El Reino : Jusqu’ici tout va bien…

Le royaume de la politique, impénétrable soit-il, sous la gouvernance d’une élite qui se croit au-dessus de tout. Après le ratage complet de Silvio et les autres par Paolo Sorrentino sur un sujet identique, Rodrigo Sorogoyen réussit à imploser les codes du genre par un manichéisme bienvenu. Deux ans après le poisseux Que Dios nos Perdone, Sorogoyen revient avec un tout autre film se focalisant sur une politique régionale corrompue qui va exploser avec l’arrivée d’un jeune loup aux dents longues. L’éclatement d’un système pourri jusqu’à l’os, un crabe grignotant la charogne d’une Espagne mourante, le film se déroulant en 2008.
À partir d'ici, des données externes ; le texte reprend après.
(* The $G$-invariant functions $p_1,\dots,p_5$ on $\mathscr X_2$ given by $p_1(v,w,C)=\langle v,v\rangle$, $p_2(v,w,C)=\langle w,w\rangle$, $p_3(v,w,C)=\langle Cv,w\rangle$, $p_4(v,w,C)=\operatorname{tr}(C^tC)$, $p_5(v,w,C)=\det C$ separate orbits in general position.
   Context: Identify $V_1=V_2=\mathbb C^2$ with Pauli matrices $\sigma_1=\begin{pmatrix}0&1\\1&0\end{pmatrix}$, $\sigma_2=\begin{pmatrix}0&-i\\i&0\end{pmatrix}$, $\sigma_3=\begin{pmatrix}1&0\\0&-1\end{pmatrix}$. Trace-one endomorphisms of $\mathbb C^2\otimes\mathbb C^2$ are written uniquely as $\tfrac14\big(I\otimes I+\sum_a v_a\sigma_a\otimes I+\sum_b w_bI\otimes\sigma_b+\sum_{a,b}C_{ba}\sigma_a\otimes\sigma_b\big)$, giving coordinates $(v,w,C)\in\mathbb C^3\times\mathbb C^3\times M_3(\mathbb C)$ on the space $\mathscr L_2$; $G=\mathrm{SO}_3(\mathbb C)^2$ acts by $(g_1,g_2)\cdot(v,w,C)=(g_1v,g_2w,g_2Cg_1^{-1})$. $\langle x,y\rangle=\sum_a x_ay_a$ on $\mathbb C^3$. Let $X_0$ be the subspace with $v_1=v_2=w_1=w_2=0$ and $C_{ba}=0$ whenever exactly one of $a,b$ equals $3$; $\mathscr X_2$ is the Zariski closure of $G\cdot X_0$ (equivalently of the set of two-qubit X-states), with reduced structure. A collection $f_1,\dots,f_m$ of $G$-invariant rational functions on a $G$-variety $X$ separates orbits in general position if there is a dense Zariski-open $U\subseteq X$ such that any $x_1,x_2\in U$ with $f_i(x_1)=f_i(x_2)$ for all $i$ lie in the same $G$-orbit. *)

theory Defs
  imports "HOL-Analysis.Analysis"
begin

text \<open>Points of L_2: triples (v, w, C) with v, w in C^3 and C a 3x3 complex matrix;
  C $ b $ a is the entry C_{ba} (row b, column a).\<close>
type_synonym pt = "(complex^3) \<times> (complex^3) \<times> (complex^3^3)"

inductive_set poly_fun :: "(pt \<Rightarrow> complex) set" where
  const: "(\<lambda>x. c) \<in> poly_fun"
| coord_v: "(\<lambda>(v, w, C). v $ i) \<in> poly_fun"
| coord_w: "(\<lambda>(v, w, C). w $ i) \<in> poly_fun"
| coord_C: "(\<lambda>(v, w, C). C $ i $ j) \<in> poly_fun"
| add: "f \<in> poly_fun \<Longrightarrow> g \<in> poly_fun \<Longrightarrow> (\<lambda>x. f x + g x) \<in> poly_fun"
| mult: "f \<in> poly_fun \<Longrightarrow> g \<in> poly_fun \<Longrightarrow> (\<lambda>x. f x * g x) \<in> poly_fun"

definition zariski_closed :: "pt set \<Rightarrow> bool" where
  "zariski_closed S \<longleftrightarrow> (\<exists>F \<subseteq> poly_fun. S = {x. \<forall>f\<in>F. f x = 0})"

definition zariski_closure :: "pt set \<Rightarrow> pt set" where
  "zariski_closure A = \<Inter>{S. zariski_closed S \<and> A \<subseteq> S}"

definition SO3 :: "(complex^3^3) set" where
  "SO3 = {g. transpose g ** g = mat 1 \<and> det g = 1}"

definition act :: "(complex^3^3) \<times> (complex^3^3) \<Rightarrow> pt \<Rightarrow> pt" where
  "act gg x = (case gg of (g1, g2) \<Rightarrow> (case x of (v, w, C) \<Rightarrow>
      (g1 *v v, g2 *v w, g2 ** C ** matrix_inv g1)))"

definition Gset :: "((complex^3^3) \<times> (complex^3^3)) set" where
  "Gset = SO3 \<times> SO3"

definition X0 :: "pt set" where
  "X0 = {(v, w, C). v $ 1 = 0 \<and> v $ 2 = 0 \<and> w $ 1 = 0 \<and> w $ 2 = 0 \<and>
     (\<forall>a b. (a = 3) \<noteq> (b = 3) \<longrightarrow> C $ b $ a = 0)}"

definition X2 :: "pt set" where
  "X2 = zariski_closure {act g x | g x. g \<in> Gset \<and> x \<in> X0}"

definition bil :: "complex^3 \<Rightarrow> complex^3 \<Rightarrow> complex" where
  "bil x y = (\<Sum>a\<in>UNIV. x $ a * y $ a)"

definition mtrace :: "complex^3^3 \<Rightarrow> complex" where
  "mtrace M = (\<Sum>i\<in>UNIV. M $ i $ i)"

definition p1 :: "pt \<Rightarrow> complex" where "p1 x = (case x of (v, w, C) \<Rightarrow> bil v v)"
definition p2 :: "pt \<Rightarrow> complex" where "p2 x = (case x of (v, w, C) \<Rightarrow> bil w w)"
definition p3 :: "pt \<Rightarrow> complex" where "p3 x = (case x of (v, w, C) \<Rightarrow> bil (C *v v) w)"
definition p4 :: "pt \<Rightarrow> complex" where "p4 x = (case x of (v, w, C) \<Rightarrow> mtrace (transpose C ** C))"
definition p5 :: "pt \<Rightarrow> complex" where "p5 x = (case x of (v, w, C) \<Rightarrow> det C)"

definition pinv :: "pt \<Rightarrow> complex list" where
  "pinv x = [p1 x, p2 x, p3 x, p4 x, p5 x]"

end

theory Submission
  imports Defs
begin

(* G X0 lies in the closed set Y2 cut out by the invariant equations
   <w,w> Cv = <Cv,w> w and <v,v> C\<^sup>T w = <Cv,w> v. A point of Y2 with <v,v> and <w,w>
   nonzero is moved into X0 by rotating v and w onto the third axis, since the equations then
   force C to be block diagonal. On X0 the invariants determine v, w and e up to sign, together
   with the sum of squares and the determinant of the 2 x 2 block. In coordinates z1, ..., z4
   diagonalising the action of SO(2) x SO(2) on the block, these two quantities amount to the
   products z1 z2 and z3 z4, and when all z_i are nonzero two blocks with equal products are
   related by such rotations. All non-degeneracy conditions amount to the non-vanishing of one
   invariant polynomial hgen. Every point of X0 is a limit of points of X0 where hgen does not
   vanish; since Zariski closed sets are closed and hgen is invariant, the part of X2 where hgen
   does not vanish is therefore Zariski dense in X2. *)

section \<open>Rotations and the bilinear form\<close>

lemma SO3_transpose_mult_self: "g \<in> SO3 \<Longrightarrow> transpose g ** g = mat 1"
  by (simp add: SO3_def)
section \<open>The projection theorem\<close>

definition csubspace :: "'a::cinner_space set \<Rightarrow> bool" where
  "csubspace M \<longleftrightarrow> 0 \<in> M \<and> (\<forall>x\<in>M. \<forall>y\<in>M. x + y \<in> M) \<and> (\<forall>c. \<forall>x\<in>M. scaleC c x \<in> M)"

lemma csubspace_midpoint:
  "csubspace M \<Longrightarrow> x \<in> M \<Longrightarrow> y \<in> M \<Longrightarrow> scaleR (1/2) (x + y) \<in> M"
  unfolding csubspace_def scaleR_scaleC by blast

text \<open>The midpoint of two points of M lies in M, so by the parallelogram law two points
  of M at nearly minimal distance from x are close to each other.\<close>

lemma minimizing_sequence_Cauchy:
  assumes "csubspace M" and s: "\<And>n. s n \<in> M"
    and d_le: "\<And>m. m \<in> M \<Longrightarrow> d \<le> (norm (x - m))\<^sup>2"
    and s_near: "\<And>n. (norm (x - s n))\<^sup>2 < d + inverse (Suc n)"
  shows "Cauchy s"
proof (rule CauchyI)
  have close: "(norm (s m - s n))\<^sup>2 \<le> 2 * inverse (Suc m) + 2 * inverse (Suc n)" for m n
  proof -
    have "x - s m + (x - s n) = scaleR 2 (x - scaleR (1/2) (s m + s n))"
      by (simp add: algebra_simps scaleR_2)
    then have "4 * d \<le> (norm (x - s m + (x - s n)))\<^sup>2"
      using d_le[OF csubspace_midpoint[OF assms(1) s s]] by (simp add: power_mult_distrib)
    moreover have "(norm (s n - s m))\<^sup>2 + (norm (x - s m + (x - s n)))\<^sup>2
        = 2 * (norm (x - s m))\<^sup>2 + 2 * (norm (x - s n))\<^sup>2"
      using parallelogram_law[of "x - s m" "x - s n"] by simp
    ultimately show ?thesis
      using s_near[of m] s_near[of n] by (simp add: norm_minus_commute)
  qed
  fix e :: real assume "e > 0"
  then obtain N where N: "inverse (Suc N) < e\<^sup>2 / 4"
    using reals_Archimedean[of "e\<^sup>2 / 4"] by auto
  have "norm (s m - s n) < e" if "N \<le> m" "N \<le> n" for m n
  proof -
    have "inverse (Suc m) \<le> inverse (Suc N)" "inverse (Suc n) \<le> inverse (Suc N)"
      using that by (simp_all add: field_simps)
    then have "(norm (s m - s n))\<^sup>2 < e\<^sup>2"
      using close[of m n] N by linarith
    then show ?thesis
      using \<open>e > 0\<close> by (simp add: power2_less_imp_less)
  qed
  then show "\<exists>N. \<forall>m\<ge>N. \<forall>n\<ge>N. norm (s m - s n) < e"
    by blast
qed
lemma tail_sums_01_if_alternating_last_positive:
  assumes alt: "alternating_last_positive n a"
  shows "\<forall>j\<in>{1..n}. tail_sum a n j \<in> {0, 1}"
proof -
  txt \<open>Downward induction on \<open>j\<close>: the first nonzero coefficient at or after \<open>j\<close>
    is \<open>+1\<close> if \<open>c\<^sub>j = 1\<close> and \<open>-1\<close> if \<open>c\<^sub>j = 0\<close>.\<close>
  have "tail_sum a n j \<in> {0, 1} \<and> (\<forall>l. first_nonzero_from n a j l \<longrightarrow> a l = 2 * tail_sum a n j - 1)"
    if "1 \<le> j" "j \<le> n+1" for j
    using that(2)
  proof (induction rule: inc_induct)
    case base
    show ?case
      by (simp add: tail_sum_beyond first_nonzero_from_def)
  next
    case (step m)
    then show ?case
      using that(1) by (intro tail_sum_01_step[OF alt]) auto
  qed
  then show ?thesis
    by auto
qed

theorem mainTheorem2:
  fixes n i :: nat and a :: "nat \<Rightarrow> real"
  assumes "1 \<le> n" and "1 \<le> i" and "i \<le> n"
  shows "positive_weight n i (vec_of_coeffs n a) \<longleftrightarrow>
    ((\<forall>k\<in>{1..n}. a k \<in> {-1, 0, 1})
     \<and> (\<exists>k\<in>{1..n}. a k \<noteq> 0)
     \<and> a (Max {k\<in>{1..n}. a k \<noteq> 0}) = 1
     \<and> (\<forall>k\<in>{1..n}. \<forall>l\<in>{1..n}. k < l \<and> a k \<noteq> 0 \<and> a l \<noteq> 0
            \<and> (\<forall>m. k < m \<and> m < l \<longrightarrow> a m = 0) \<longrightarrow> a k = - a l)
     \<and> (\<Sum>k=1..n. real k * a k) = real i)"
proof -
  have "positive_weight n i (vec_of_coeffs n a) \<longleftrightarrow>
      (\<Sum>k=1..n. real k * a k) = real i \<and> alternating_last_positive n a"
    using positive_weight_vec_of_coeffs_iff alternating_last_positive_if_tail_sums_01
      tail_sums_01_if_alternating_last_positive by blast
  moreover have "\<exists>k\<in>{1..n}. a k \<noteq> 0" if "(\<Sum>k=1..n. real k * a k) = real i"
  proof (rule ccontr)
    assume "\<not> (\<exists>k\<in>{1..n}. a k \<noteq> 0)"
    then have "(\<Sum>k=1..n. real k * a k) = 0"
      by simp
    with that \<open>1 \<le> i\<close> show False
      by simp
  qed
  ultimately show ?thesis
    unfolding alternating_last_positive_def by argo
qed
(* For $r\ge1$ let $A_1^r=\{(\alpha_1,\alpha_2,\alpha_3)\in\mathbb{Z}_{\ge0}^3:\alpha_1\le1,\ \alpha_3=0,\ |\alpha|\le r\}$, $A_2^r=\{(\alpha_1,\alpha_2,\alpha_3):\alpha_1\le1,\ \alpha_2=0,\ \alpha_3\ge1,\ |\alpha|\le r\}$ and $\mathcal F_r=A_1^r\cup A_2^r$. Let $f(x|\theta,v,m)$ be the skew-normal kernel. Then for every $\alpha=(\alpha_1,\alpha_2,\alpha_3)\in\mathbb{Z}_{\ge0}^3$ there are polynomials $P^{\kappa}_{\alpha}(m)$, $H^{\kappa}_{\alpha}(m)$, $Q^{\kappa}_{\alpha}(v)$ (indexed by $\kappa$ in the set below), with $H^\kappa_\alpha(m)\ne0$ for $m\neq0$ and $Q^\kappa_\alpha(v)\ne0$ for $v>0$, such that for all $x,\theta\in\mathbb{R}$, $v>0$ and $m\neq0$, $$\frac{\partial^{|\alpha|}f}{\partial\theta^{\alpha_1}\partial v^{\alpha_2}\partial m^{\alpha_3}}=\sum_{\kappa}\frac{P^{\kappa}_{\alpha}(m)}{H^{\kappa}_{\alpha}(m)Q^{\kappa}_{\alpha}(v)}\frac{\partial^{|\kappa|}f}{\partial\theta^{\kappa_1}\partial v^{\kappa_2}\partial m^{\kappa_3}},$$ where the sum ranges over $\kappa\in\mathcal F_{|\alpha|}$ with $\kappa_1+2\kappa_2+2\kappa_3\le\alpha_1+2\alpha_2+2\alpha_3$.
   Context: Skew-normal kernel: $f(x|\theta,v,m)=\frac{2}{\sigma}\varphi\!\left(\frac{x-\theta}{\sigma}\right)\Phi\!\left(\frac{m(x-\theta)}{\sigma}\right)$ with $\sigma=\sqrt v$, $\varphi,\Phi$ the standard normal density and cdf. $|\alpha|=\alpha_1+\alpha_2+\alpha_3$. *)

theory Defs
  imports "HOL-Probability.Probability" "HOL-Computational_Algebra.Polynomial"
begin

definition Phi :: "real \<Rightarrow> real" where
  "Phi z = (LBINT t:{..z}. std_normal_density t)"

definition skewnorm :: "real \<Rightarrow> real \<Rightarrow> real \<Rightarrow> real \<Rightarrow> real" where
  "skewnorm x \<theta> v m =
     2 / sqrt v * std_normal_density ((x - \<theta>) / sqrt v) * Phi (m * (x - \<theta>) / sqrt v)"

definition d_theta :: "(real \<Rightarrow> real \<Rightarrow> real \<Rightarrow> real \<Rightarrow> real) \<Rightarrow> real \<Rightarrow> real \<Rightarrow> real \<Rightarrow> real \<Rightarrow> real" where
  "d_theta g = (\<lambda>x \<theta> v m. deriv (\<lambda>t. g x t v m) \<theta>)"
definition d_v :: "(real \<Rightarrow> real \<Rightarrow> real \<Rightarrow> real \<Rightarrow> real) \<Rightarrow> real \<Rightarrow> real \<Rightarrow> real \<Rightarrow> real \<Rightarrow> real" where
  "d_v g = (\<lambda>x \<theta> v m. deriv (\<lambda>t. g x \<theta> t m) v)"
definition d_m :: "(real \<Rightarrow> real \<Rightarrow> real \<Rightarrow> real \<Rightarrow> real) \<Rightarrow> real \<Rightarrow> real \<Rightarrow> real \<Rightarrow> real \<Rightarrow> real" where
  "d_m g = (\<lambda>x \<theta> v m. deriv (\<lambda>t. g x \<theta> v t) m)"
L’histoire suit Manuel Goìmez Vidal, un homme politique apprécié et reconnu. Alors qu’il est en passe de devenir le futur président de son parti, un scandale de corruption et de détournement de fonds publics inculpant un de ses amis les plus proches éclate au grand jour. Manuel se retrouve alors confronté à une multitude d’affaires qui vont le précipiter dans un engrenage infernal…
Manuel Goìmez-Vidal interprété par Antonio De La Torre, reconnu récemment pour deux films forts et brutaux, dont La Colère d’un Homme Patient. Il retrouve ici Rodrigo Sorogoyen après avoir été l’un des flics de Que Dios Nos Perdone traquant le tueur de personnes âgées dans un Madrid suffocant.
Il est ce politicard, figure de dos dans un plan-séquence sublime introduisant le personnage telle une étoile prenant le chemin du ring. On le voit lumineux sur la plage, les spots resteront braqués sur lui pendant les deux heures du film. Il sera de tous les plans, d’un charisme assuré, son orgueil dégoulinant de chaque pore. Au départ bienveillant, il se révèle au fur et à mesure être un véreux de la pire espèce. L’égoïsme dans lequel il s’est fourvoyé le transformant en une sorte de monstre de la politique qui ne voit pas plus loin que son nez. De La Torre resplendit ce mauvais rôle sublime pour un acteur de sa trempe. C’est l’explosion à 50 ans, acteur populaire en Espagne, mais reconnu depuis peu en France. Un regard assuré renvoyant au Robert De Niro de la grande époque. Il est ce politique ayant fait de cette petite vie véreuse une entreprise. Sorogoyen montre une peinture idyllique pour mieux le descendre en fond, un homme trompeur et faux sous l’apparat de costards sur-mesure.

Par le prisme de Goìmez-Vidal, Rodrigo Sorogoyen traite cette politique ayant fait chuter la société espagnole. Un pays ne supportant plus la pression de politiques s’en mettant plein les poches. La saturation d’un système mafieux entre pression, meurtres et argents sales. El Reino est à cet effet un film électrisant et passionnant. Nous sommes en Espagne, mais Sorogoyen ne prend aucun parti-pris. Nous ne connaîtrons jamais la position de Goìmez-Vidal dans la politique espagnole. Cela reste volontairement confus, mais peu importe, le sujet est universel. Cela pourrait même se dérouler dans un autre pays, Italie, France… Le réalisateur fait le choix d’ouvrir son sujet en l’inscrivant d’une pédagogie mesurée. Point de fixement sur une affaire en particulier, tout est fiction, simple et efficace. Pour mieux captiver son spectateur, il inscrit El Reino en un thriller parfois paranoïaque d’une efficacité hors-pairs. C’est sincèrement brillant, notamment ce face-à-face final, un véritable combat au poing sans retour possible, un anti-héros prenant le mur de pleine face, sympathique, mais faux dont on se réjouit après projection de la chute sans parachute doré.